Three differents partitions are available on Manneback: The default one (Def) which is opened to everyone,
partition Zoe which is open but with higher priority for specific users and finally, cp3, which is reserved
to the IRMP/CP3 users.
Note that you can specify
#SBATCH –partition=Def,Zoe to submit a job that will run on the
earliest available partition.
You can use the
sload -p command (-p as “partition”) to see the current cluster usage and the number of pending jobs (PD) on the different partitions
[user@manneback ~]# sload -p MBack : 4067/6304=64% mb Zoe : 560/560=100% (4592 PD) mb Grid : 1651/2520=65% (1352 PD) mb cp3-local : 797/2520=31% (418 PD) mb cp3-fast : 0/48=0% (0 PD) mb cp3-gpu : 20/20=100% (100 PD) mb Def : 1039/3152=32% (408 PD)
- Maximum walltime: run
- Maximum home space: run
Global scratch space¶
A global scratch
/globalfs is a 42TB space NFS mounted on all
the compute nodes. There is no quota enforced on that filesystem ; it is the responsibility of the users to remove the files that are not needed anymore by any job.
Each node furthermore has a local
/scratch space. Local scratch is a smaller file system directly attached to the worker node.
Access and file transfer¶
Clusters are accessed with your CÉCI login and SSH key. Refer to the CÉCI documentation for more details. Access to Manneback is achieved by pointing your SSH client to
manneback.cism.ucl.ac.be with your CÉCI login and SSH key. The frontend’s SSH key fingerprint are
About the cost¶
Access to the computing facilities is free of charge for most of researchers with a normal usage. However, beyond a certain limit, this use could become billable.
If a research group (pôle de recherche) exceeds 200.000 hCPU (CPU hours), equivalent to the usage of 23 processors during a full year, the cost is computed as a function of the yearly consumption.

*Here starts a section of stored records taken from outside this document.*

lemma half_trees_disjoint:
  assumes "is_tree E" "E u w"
  shows "half_tree E w u \<inter> half_tree E u w = {}"
proof -
  define R where "R = {(p, q). E p q \<and> {p, q} \<noteq> {u, w}}"
  have "R\<inverse> = R" using assms(1) unfolding R_def is_tree_def by (auto simp: insert_commute)
  have "w \<in> half_tree E u w" if "x \<in> half_tree E w u" "x \<in> half_tree E u w" for x
  proof -
    have "(w, x) \<in> R\<^sup>*" using that(1) unfolding half_tree_def R_def by (simp add: insert_commute)
    then have "(x, w) \<in> R\<^sup>*" using \<open>R\<inverse> = R\<close> by (metis rtrancl_converseI)
    moreover have "(u, x) \<in> R\<^sup>*" using that(2) unfolding half_tree_def R_def by simp
    ultimately show ?thesis unfolding half_tree_def R_def by (simp add: rtrancl_trans)
  qed
  then show ?thesis using not_in_half_tree[OF assms] by blast
qed

definition half_tree_patch :: "('v \<Rightarrow> 'v \<Rightarrow> bool) \<Rightarrow> 'v \<Rightarrow> 'v \<Rightarrow> ('v \<Rightarrow> 'v) \<Rightarrow> 'v \<Rightarrow> 'v" where
  "half_tree_patch E u w h = (\<lambda>x. if x \<in> half_tree E u w then h x else x)"

lemma half_tree_patch_tree_aut:
  assumes "is_tree E" "E u w" "tree_aut E h" "h u = u" "h w = w"
  shows "tree_aut E (half_tree_patch E u w h)"
proof -
  let ?A = "half_tree E u w" and ?g = "half_tree_patch E u w h"
  have hA: "h ` ?A = ?A" using tree_aut_image_half_tree[OF assms(3-5)] .
  have "bij_betw h ?A ?A"
    using hA assms(3) unfolding tree_aut_def bij_def bij_betw_def by (auto intro: inj_on_subset)
  moreover have "bij_betw (\<lambda>x. x) (- ?A) (- ?A)" by (simp add: bij_betw_def)
  ultimately have "bij ?g"
    using bij_betw_disjoint_Un[of h ?A ?A "\<lambda>x. x" "- ?A" "- ?A"]
    unfolding half_tree_patch_def by simp
  moreover have "E x y \<longleftrightarrow> E (?g x) (?g y)" for x y
  proof -
    have boundary: "E p q \<longleftrightarrow> p = u \<and> q = w" if "p \<in> ?A" "q \<notin> ?A" for p q
      using half_tree_boundary[OF assms(1,2) that] .
    have sym: "E p q \<longleftrightarrow> E q p" for p q using assms(1) unfolding is_tree_def by blast
    have hu: "h p = u \<longleftrightarrow> p = u" for p
      using assms(3,4) unfolding tree_aut_def by (metis bij_pointE)
    have hE: "E p q \<longleftrightarrow> E (h p) (h q)" for p q using assms(3) unfolding tree_aut_def by simp
    have hA': "h p \<in> ?A \<longleftrightarrow> p \<in> ?A" for p
      using hA assms(3) unfolding tree_aut_def by (metis bij_is_inj inj_image_mem_iff)
    consider "x \<in> ?A" "y \<in> ?A" | "x \<notin> ?A" "y \<notin> ?A"
      | "x \<in> ?A" "y \<notin> ?A" | "x \<notin> ?A" "y \<in> ?A" by blast
    then show ?thesis
    proof cases
      case 1
      then show ?thesis using hE[of x y] unfolding half_tree_patch_def by simp
    next
      case 2
      then show ?thesis unfolding half_tree_patch_def by simp
    next
      case 3
      then show ?thesis using boundary[of x y] boundary[of "h x" y] hA'[of x] hu[of x]
        unfolding half_tree_patch_def by simp
    next
      case 4
      then show ?thesis
        using boundary[of y x] boundary[of "h y" x] hA'[of y] hu[of y] sym[of x y] sym[of x "h y"]
        unfolding half_tree_patch_def by simp
    qed
  qed
  ultimately show ?thesis unfolding tree_aut_def by blast
qed

lemma half_tree_patch_image:
  assumes "tree_aut E h" "h u = u" "h w = w" "h ` V = V"
  shows "half_tree_patch E u w h ` V = V"
proof -
  let ?A = "half_tree E u w"
  have "h ` (V \<inter> ?A) = V \<inter> ?A"
    using assms tree_aut_image_half_tree[OF assms(1-3)] unfolding tree_aut_def
    by (metis bij_is_inj image_Int)
  then show ?thesis
    unfolding half_tree_patch_def by (auto simp: image_iff)
qed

For 2016, the rate was computed as follow:
Rate applied in 2016 related to you research group consumption in 2015: - Below 200.000 hCPU: 0 €/hCPU - Between 200.000 and 2.500.000 hCPU: 0.00114 €/hCPU - Over 2.500.000 hCPU: 0.00065 €/hCPU
This rate is only applied for researchers whose funding doesn’t support access to a computing facility. This rate, in this case, is to be considered as a contribution to the CISM plateform operations. For any other situation, please contact the CISM team.
For 2017 and beyond, thanks to a participation by the SGSI in the budget of the CISM, the cost will be null for the users who do not have specific funding for computational resources. Users funded by a Regional, Federal, European or Commercial project with specific needs should contact the CISM team for a quote.